Two types of magnetic measurements are made at IRF - absolute and short-term variations. Absolute measurements are used to monitor the strength and direction of the magnetic field which is generated inside the Earth. This changes slowly, on a time scale of 10's of years, due to poorly-understood internal processes.
Absolute measurements are made with proton-precession magnetometer (magnitude) and with the standard DI flux (theodolite) method (see IAGA document page 197-198 and NOAA site). Readings are made every week. Short-term variations with time scales from a few seconds to a year are due to electric currents flowing in the ionosphere (primarily 100-130 km altitude) and induced in the surface layers of the solid Earth. At IRF, DMI (Danish Meterological Institute) flux-gate magnetometers, are used to measure these variations. Data is recorded with 1 s time resolution, directly onto a PC at the measurement site.
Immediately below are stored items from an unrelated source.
lemma fourierJ_div_z_minus_cnj:
  assumes "\<tau> \<noteq> -1" "\<tau> \<noteq> -1/2"
  shows "fourierJ (\<lambda>z. f z / (z - cnj z)) \<tau> x =
    1 / (4 * \<i> * (1 + \<tau>) * (1 + 2 * \<tau>)) * dx (dx (Tplus (fourierJ f))) \<tau> x
    - 2 * \<i> * \<tau> / (2 * (1 + 2 * \<tau>)) * Tminus (fourierJ f) \<tau> x"
    (is "?lhs = ?rhs")
proof -
  define R where "R z = 1 / (4 * \<i> * (1 + \<tau>) * (1 + 2 * \<tau>)) * lob_kernel_dxx (\<tau> + 1) z x
    - 2 * \<i> * \<tau> / (2 * (1 + 2 * \<tau>)) * lob_kernel (\<tau> - 1) z x" for z
  have "continuous_on Lobachevsky (\<lambda>z. 1 / (z - cnj z))"
    by (intro continuous_intros) (auto simp: Lobachevsky_def complex_eq_iff)
  then have "((\<lambda>z. lob_kernel \<tau> z x * (f z / (z - cnj z))) has_integral ?lhs) UNIV"
    using compact_support support_subset vanishes_outside
    by (intro has_integral_fourierJ) (auto dest: continuous_on_kernel_mult)
  moreover have "lob_kernel \<tau> z x * (f z / (z - cnj z)) = R z * f z" for z
  proof (cases "z \<in> Lobachevsky")
    case True
    then have "Im z > 0"
      by (simp add: Lobachevsky_def)
    have "lob_kernel \<tau> z x * (f z / (z - cnj z)) = lob_kernel \<tau> z x / (z - cnj z) * f z"
      by simp
    also have "\<dots> = R z * f z"
      unfolding R_def by (simp only: lob_kernel_div_z_minus_cnj[OF \<open>Im z > 0\<close> assms])
    finally show ?thesis .
  qed (simp add: zero_off_Lobachevsky)
  moreover have "((\<lambda>z. R z * f z) has_integral ?rhs) UNIV"
    unfolding R_def dx_Tplus Tplus_def Tminus_def
    by (intro has_integral_kernel_diff has_integral_kernel_scale has_integral_kernel has_integral_kernel_dxx)
  ultimately show ?thesis
    using has_integral_unique by simp
qed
Two magnetometers are operated at IRF, one primary and one backup to be able to backup up data gaps of one of them. A copy of the data is sent directly to the IRF main building over a radio link.
Each month, the flux-gate data are calibrated against the absolute measurements, quiet days are identified and local K-indices calculated. Kiruna digital magnetic data is also sent to the WDC-C2 in Japan, as one of few stations that provides 1 sec value (WDC = World Data Center).
Microfilm copies of Kiruna magnetograms are archived at WDC-C1 in Copenhagen (WDC = World Data Center).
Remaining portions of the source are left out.